Рид допил кофе и продолжил:
– Патриция Стоун была проблемным ребенком. В жилах ее отца присутствовала кровь румынских цыган, а женился он на женщине нецыганских кровей. К моменту, когда Патти исполнилось пять, ее папаша бросил семью и вернулся в объятья табора. В семнадцать лет Патти отправили в приют недалеко от Бромсгроува за то, что она периодически избивала людей на улице. Отвезла ее туда собственная мать, которая там и оставила дочь, избавившись таким образом от лишнего рта в семье. Когда до нее наконец добрались врачи, то ей поставили диагноз «шизофрения». Потребовалось пять лет, чтобы стабилизировать ее состояние, то есть подобрать наиболее действенный набор лекарств. К этому времени Патти было уже двадцать два. Вскоре после того, как ей поставили диагноз – а это было во времена Тэтчер, – произошло печальное событие. «Реабилитация в обществе»[51] – проект, который обсуждали лет двадцать, неожиданно стремительно набрал скорость. Многие учреждения были закрыты, и многие очень больные люди были помещены в социум, который не был готов их принять.

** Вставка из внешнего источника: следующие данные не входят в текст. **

lemma emp_cov_symmetric:
  assumes X: "X \<in> carrier_mat d n"
  shows "emp_cov X \<in> carrier_mat d d" "transpose_mat (emp_cov X) = emp_cov X"
proof -
  show C: "emp_cov X \<in> carrier_mat d d" using X by (simp add: emp_cov_def)
  show "transpose_mat (emp_cov X) = emp_cov X"
    by (rule eq_matI, insert C, auto simp: emp_cov_index[OF X] mult.commute)
qed

lemma emp_cov_erase_col:
  assumes X: "X \<in> carrier_mat d n" and j0: "j0 < n" and ab: "a < d" "b < d"
  shows "emp_cov X $$ (a,b)
    = emp_cov (erase_col j0 X) $$ (a,b) + (1 / real n) * X $$ (a,j0) * X $$ (b,j0)"
proof -
  have X': "erase_col j0 X \<in> carrier_mat d n" using X unfolding erase_col_def by simp
  have "(\<Sum>j<n. X $$ (a,j) * X $$ (b,j))
      = X $$ (a,j0) * X $$ (b,j0) + (\<Sum>j\<in>{..<n} - {j0}. X $$ (a,j) * X $$ (b,j))"
    using j0 by (subst sum.remove[of _ j0], auto)
  moreover have "(\<Sum>j<n. erase_col j0 X $$ (a,j) * erase_col j0 X $$ (b,j))
      = (\<Sum>j\<in>{..<n} - {j0}. X $$ (a,j) * X $$ (b,j))"
    using j0 X ab by (subst sum.remove[of _ j0], auto simp: erase_col_def intro!: sum.cong)
  ultimately show ?thesis
    unfolding emp_cov_index[OF X ab] emp_cov_index[OF X' ab] by (simp add: algebra_simps)
qed

lemma neighbors_erase_col:
  assumes "neighbors X X'" and X: "X \<in> carrier_mat d n" and X': "X' \<in> carrier_mat d n"
  obtains j0 where "j0 < n" "erase_col j0 X = erase_col j0 X'"
proof -
  have "card {j. j < n \<and> col X j \<noteq> col X' j} = 1"
    using assms(1) X unfolding neighbors_def by auto
  then obtain j0 where j0: "{j. j < n \<and> col X j \<noteq> col X' j} = {j0}"
    by (rule card_1_singletonE)
  have "X $$ (i,j) = X' $$ (i,j)" if "i < d" "j < n" "j \<noteq> j0" for i j
  proof -
    have "col X j = col X' j" using j0 that by auto
    hence "col X j $ i = col X' j $ i" by simp
    thus ?thesis using that X X' by simp
  qed
  hence "erase_col j0 X = erase_col j0 X'"
    using X X' by (auto simp: erase_col_def intro!: eq_matI)
  thus thesis using that j0 by auto
qed
(* Let $\alpha\in(0,1)$, $\gamma>0$, $a>0$, $b\in\mathbb R\setminus\{0\}$, and assume $\eta=0$. Then the operator $-\mathcal A$ is not invertible; consequently $0\in\sigma(\mathcal A)$.
   Context: Let $\mu(\xi)=|\xi|^{\frac{2\alpha-1}{2}}$ and $\kappa(\alpha)=\frac{\sin(\alpha\pi)}{\pi}$. Let $H^1_L(0,1)=\{u\in H^1(0,1):u(0)=0\}$. $\mathcal H=H^1_L(0,1)\times L^2(0,1)\times H^1_0(0,1)\times L^2(0,1)\times L^2(\mathbb R)$ with inner product $\langle(u,v,y,z,\omega),(\tilde u,\tilde v,\tilde y,\tilde z,\tilde\omega)\rangle_{\mathcal H}=\int_0^1(v\bar{\tilde v}+u_x\bar{\tilde u}_x+z\bar{\tilde z}+a y_x\bar{\tilde y}_x)dx+\gamma\kappa(\alpha)\int_{\mathbb R}\omega\bar{\tilde\omega}\,d\xi$. $D(\mathcal A)$ is the set of $(u,v,y,z,\omega)\in\mathcal H$ with $u\in H^2(0,1)\cap H^1_L(0,1)$, $y\in H^2(0,1)\cap H^1_0(0,1)$, $v\in H^1_L(0,1)$, $z\in H^1_0(0,1)$, $-(\xi^2+\eta)\omega+v(1)\mu(\xi)\in L^2(\mathbb R)$, $|\xi|\omega\in L^2(\mathbb R)$, $u_x(1)+\gamma\kappa(\alpha)\int_{\mathbb R}\mu(\xi)\omega(\xi)d\xi=0$, and $\mathcal A(u,v,y,z,\omega)=(v,\,u_{xx}-bz,\,z,\,ay_{xx}+bv,\,-(\xi^2+\eta)\omega+v(1)\mu(\xi))$. *)

theory Defs
  imports "HOL-Analysis.Analysis"
begin
lemma lower_baire_idem: "x \<in> \<Omega> \<Longrightarrow> lower_baire \<Omega> (lower_baire \<Omega> p) x = lower_baire \<Omega> p x"
  by (intro antisym lower_baire_le_lower_baire_lower_baire lower_baire_le)

lemma upper_baire_idem: "x \<in> \<Omega> \<Longrightarrow> upper_baire \<Omega> (upper_baire \<Omega> p) x = upper_baire \<Omega> p x"
  using lower_baire_idem[of x \<Omega> "\<lambda>y. - p y"] by (simp add: lower_baire_uminus)

lemma lower_upper_baire_idem:
  "lower_baire \<Omega> (upper_baire \<Omega> (lower_baire \<Omega> (upper_baire \<Omega> p))) x = lower_baire \<Omega> (upper_baire \<Omega> p) x"
proof (rule antisym)
  have "lower_baire \<Omega> (upper_baire \<Omega> (lower_baire \<Omega> (upper_baire \<Omega> p))) x
      \<le> lower_baire \<Omega> (upper_baire \<Omega> (upper_baire \<Omega> p)) x"
    by (intro lower_baire_mono upper_baire_mono lower_baire_le)
  also have "\<dots> = lower_baire \<Omega> (upper_baire \<Omega> p) x"
    by (intro lower_baire_cong upper_baire_idem)
  finally show "lower_baire \<Omega> (upper_baire \<Omega> (lower_baire \<Omega> (upper_baire \<Omega> p))) x
      \<le> lower_baire \<Omega> (upper_baire \<Omega> p) x" .
next
  have "lower_baire \<Omega> (upper_baire \<Omega> p) x \<le> lower_baire \<Omega> (lower_baire \<Omega> (upper_baire \<Omega> p)) x"
    by (rule lower_baire_le_lower_baire_lower_baire)
  also have "\<dots> \<le> lower_baire \<Omega> (upper_baire \<Omega> (lower_baire \<Omega> (upper_baire \<Omega> p))) x"
    by (intro lower_baire_mono upper_baire_ge)
  finally show "lower_baire \<Omega> (upper_baire \<Omega> p) x
      \<le> lower_baire \<Omega> (upper_baire \<Omega> (lower_baire \<Omega> (upper_baire \<Omega> p))) x" .
qed

lemma H_continuous_selection:
  assumes "H_continuous \<Omega> f" "x \<in> \<Omega>"
    and "\<And>y. y \<in> \<Omega> \<Longrightarrow> fst (f y) \<le> p y \<and> p y \<le> snd (f y)"
  shows "lower_baire \<Omega> p x = fst (f x)" "upper_baire \<Omega> p x = snd (f x)"
proof -
  have g: "interval_fun \<Omega> (\<lambda>y. (p y, p y))" by (simp add: interval_fun_def)
  moreover have "\<forall>y\<in>\<Omega>. ivl_subset (p y, p y) (f y)"
    using assms(3) by (simp add: ivl_subset_def)
  ultimately have "Fop \<Omega> (\<lambda>y. (p y, p y)) x = f x"
    using assms(1,2) unfolding H_continuous_def by blast
  then show "lower_baire \<Omega> p x = fst (f x)" "upper_baire \<Omega> p x = snd (f x)"
    by (auto simp: Fop_def lowerB_eq_lower_baire[OF g] upperB_eq_upper_baire[OF g] prod_eq_iff)
qed
lemma unmarked_block_restrict:
  assumes "simple012 m A" and range: "\<forall>q r. q < r \<and> r < m \<longrightarrow> assoc q r \<in> {0,1} \<times> {0,1}"
    and "S \<subseteq> {..<m}"
  defines "block \<equiv> {v \<in> unmarked m A assoc. binary_rows m v = S}"
  shows "inj_on (\<lambda>v. restrict (nth v) S) block"
    and "(\<lambda>v. restrict (nth v) S) ` block \<subseteq> S \<rightarrow>\<^sub>E {0,1}"
    and "avoids_pairs S (assoc_oriented assoc) ((\<lambda>v. restrict (nth v) S) ` block)"
proof -
  have column: "length v = m" "set v \<subseteq> {0,1,2}" if "v \<in> block" for v
    using that assms(1) unfolding block_def unmarked_def simple012_def col_matrix_def by auto
  have entry: "v ! r \<in> {0,1}" if "v \<in> block" "r \<in> S" for v r
  proof -
    have "r < m" "v ! r \<noteq> 2"
      using that unfolding block_def binary_rows_def by auto
    then have "v ! r \<in> set v"
      using column(1)[OF that(1)] by simp
    with column(2)[OF that(1)] \<open>v ! r \<noteq> 2\<close> show ?thesis by blast
  qed
  have off: "v ! r = 2" if "v \<in> block" "r < m" "r \<notin> S" for v r
    using that unfolding block_def binary_rows_def by auto
  show "inj_on (\<lambda>v. restrict (nth v) S) block"
  proof (rule inj_onI)
    fix v w assume v: "v \<in> block" and w: "w \<in> block"
      and eq: "restrict (nth v) S = restrict (nth w) S"
    show "v = w"
    proof (rule nth_equalityI)
      show "length v = length w" using column v w by simp
      fix r assume "r < length v"
      then show "v ! r = w ! r"
        using fun_cong[OF eq, of r] off[OF v] off[OF w] column(1)[OF v] by (cases "r \<in> S") auto
    qed
  qed
  show "(\<lambda>v. restrict (nth v) S) ` block \<subseteq> S \<rightarrow>\<^sub>E {0,1}"
    unfolding image_subset_iff restrict_PiE_iff using entry by blast
  show "avoids_pairs S (assoc_oriented assoc) ((\<lambda>v. restrict (nth v) S) ` block)"
  proof (rule avoids_pairs_of_less)
    fix q r assume "q \<in> S" "r \<in> S" "q < r"
    moreover have "r < m" using \<open>r \<in> S\<close> assms(3) by auto
    ultimately show "assoc_oriented assoc q r \<in> {0,1} \<times> {0,1} \<and>
      (\<forall>w\<in>(\<lambda>v. restrict (nth v) S) ` block. (w q, w r) \<noteq> assoc_oriented assoc q r)"
      using range unfolding assoc_oriented_def block_def unmarked_def by auto
  next
    fix q r :: nat assume "r < q"
    then show "assoc_oriented assoc q r = prod.swap (assoc_oriented assoc r q)"
      unfolding assoc_oriented_def by simp
  qed
qed
lemma (in prob_space) indep_var_continuous_inj_on_compact_iff:
  fixes X Y :: "'a \<Rightarrow> 'c::t2_space" and f g :: "'c \<Rightarrow> 'd::t2_space"
  assumes "compact K" "compact L" "\<And>\<omega>. \<omega> \<in> space M \<Longrightarrow> X \<omega> \<in> K \<and> Y \<omega> \<in> L"
    and "continuous_on K f" "inj_on f K" "continuous_on L g" "inj_on g L"
  shows "indep_var borel (\<lambda>\<omega>. f (X \<omega>)) borel (\<lambda>\<omega>. g (Y \<omega>)) \<longleftrightarrow> indep_var borel X borel Y"
proof
  assume "indep_var borel (\<lambda>\<omega>. f (X \<omega>)) borel (\<lambda>\<omega>. g (Y \<omega>))"
  moreover obtain h where "h \<in> borel_measurable borel" and hf: "\<And>x. x \<in> K \<Longrightarrow> h (f x) = x"
    using borel_measurable_inverse_on_compact assms(1,4,5) by blast
  moreover obtain k where "k \<in> borel_measurable borel" and kg: "\<And>y. y \<in> L \<Longrightarrow> k (g y) = y"
    using borel_measurable_inverse_on_compact assms(2,6,7) by blast
  ultimately have "indep_var borel (h \<circ> (\<lambda>\<omega>. f (X \<omega>))) borel (k \<circ> (\<lambda>\<omega>. g (Y \<omega>)))"
    by (intro indep_var_compose) auto
  then show "indep_var borel X borel Y"
    by (rule indep_var_cong[THEN iffD1, rotated -1]) (simp_all add: assms(3) hf kg)
next
  assume "indep_var borel X borel Y"
  then have "indep_var borel ((\<lambda>x. if x \<in> K then f x else undefined) \<circ> X)
      borel ((\<lambda>y. if y \<in> L then g y else undefined) \<circ> Y)"
    by (rule indep_var_compose[OF _ borel_measurable_continuous_on_compact_extension
          borel_measurable_continuous_on_compact_extension]) (use assms in auto)
  then show "indep_var borel (\<lambda>\<omega>. f (X \<omega>)) borel (\<lambda>\<omega>. g (Y \<omega>))"
    by (rule indep_var_cong[THEN iffD1, rotated -1]) (simp_all add: assms(3))
qed

lemma (in prob_space) indep_var_iff_joint_density:
  assumes S: "sigma_finite_measure S" and T: "sigma_finite_measure T"
    and X: "distributed M S X Px" and Y: "distributed M T Y Py"
    and XY: "distributed M (S \<Otimes>\<^sub>M T) (\<lambda>\<omega>. (X \<omega>, Y \<omega>)) Pxy"
  shows "indep_var S X T Y \<longleftrightarrow> (AE p in S \<Otimes>\<^sub>M T. Pxy p = Px (fst p) * Py (snd p))"
proof
  assume "indep_var S X T Y"
  from distributed_unique[OF XY distributed_joint_indep[OF S T X Y this]]
  show "AE p in S \<Otimes>\<^sub>M T. Pxy p = Px (fst p) * Py (snd p)" by (simp add: case_prod_beta)
next
  assume "AE p in S \<Otimes>\<^sub>M T. Pxy p = Px (fst p) * Py (snd p)"
  then have "distributed M (S \<Otimes>\<^sub>M T) (\<lambda>\<omega>. (X \<omega>, Y \<omega>)) (\<lambda>(x, y). Px x * Py y)"
    using XY X Y
    by (subst distributed_cong_density[symmetric])
      (auto simp: case_prod_beta dest: distributed_borel_measurable)
  moreover interpret DY: prob_space "density T Py"
    using Y by (simp add: distributed_distr_eq_density[symmetric] prob_space_distr distributed_measurable)
  have "distr M S X \<Otimes>\<^sub>M distr M T Y = density (S \<Otimes>\<^sub>M T) (\<lambda>(x, y). Px x * Py y)"
    using X Y T DY.sigma_finite_measure
    by (simp add: distributed_distr_eq_density pair_measure_density distributed_borel_measurable)
  ultimately show "indep_var S X T Y"
    using X Y
    by (simp add: indep_var_distribution_eq distributed_distr_eq_density distributed_measurable)
qed

definition poisson_kernel :: "complex \<Rightarrow> complex \<Rightarrow> real" where
  "poisson_kernel a z = (1 - (cmod a)^2) / (cmod (1 - a * z))^2"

Доктор Торн предпочла промолчать. Лично она была благодарна государству. Эта инициатива обеспечивала нескончаемый поток пациентов с нестабильной психикой. Правда, и старомодные закрытые приюты тоже доказали свою способность предоставлять своих резидентов для проведения исследований.
Пока Генри оплакивал эту государственную инициативу, она вспомнила об эксперименте, который был проведен в одном из таких приютов США в 50-е годы. Доктор Юэн Камерон получил от ЦРУ финансирование на исследования в области концепции «управления психикой». Его целью было стереть имеющуюся индивидуальную память испытуемых, доведя их до состояния младенцев, а затем восстановить их индивидуальность по своему выбору[52]. При проведении исследований он применял медикаментозное введение в кому и использовал электрические разряды мощностью до 360 вольт на человека однократно.
Кроме того, он придумал метод «управления психикой»: на пациента надевали плотный черный шлем, который полностью отрезал его органы чувств от внешнего мира и через который ему по шестнадцать часов в сутки передавалось записанное сообщение. Это могло продолжаться до ста дней.
Хотя личность испытуемых навсегда разрушалась подобными методами, Алекс считала, что эти исследования сослужили психиатрии неоценимую службу.
Доктор Торн вернулась к своему собеседнику, который продолжал разглагольствовать:
– …овчинка не стоила выделки. Некоторые пациенты действительно стали жить «относительно» нормальной жизнью, в то время как другие стали убивать, насиловать и совершать различные акты жестокости, – тут он кивнул в сторону Алекс. – Хотя это тема для отдельного обсуждения. Патти выпустили, посчитав, что она не представляет опасности ни для себя, ни для окружающих. Ей предоставили муниципальное жилье в высотном здании в Колли-Гейт, и после этого она выпала из системы. Предполагалось, что за каждым пациентом будут наблюдать, но у социальных работников не хватало рук, чтобы уследить за всеми, поэтому наиболее спокойные и наименее активные пациенты просачивались сквозь ячейки «социального бредня».
Через год Патти забеременела. Никто так и не узнал имени отца ребенка. Окружающие знали Патти как немного странную девушку, этакую «местную сумасшедшую», если хотите. Недалеко от нее жил один сосед, который проявлял к ней интерес и следил за тем, чтобы ее никто не обижал. Он был единственным «другом Патти», если его можно было так назвать. И он единственный заходил к Патти после того, как она родила близнецов.
У нее родились мальчик и девочка, которых она назвала Майкл и Кимберли. Из-за ее биографии семью взяли под наблюдение. Она выписалась из больницы и о следующих годах их жизни мало что известно, хотя мы знаем, что детей неоднократно заносили в группу риска и вычеркивали из нее. Отмечался недостаток физических контактов между матерью и детьми, а также замедленное развитие мальчика, как в физическом, так и в психологическом плане.
Они исчезли с экранов радаров на пару лет, пока вдруг не выяснилось, что дети не ходят в школу. Вновь в дело вступили официальные лица, и дети пошли в школу на две четверти позже положенного. Девочка быстро догнала одноклассников. Она была умна, хотя и несколько замкнута. А вот мальчика поместили в коррекционный класс.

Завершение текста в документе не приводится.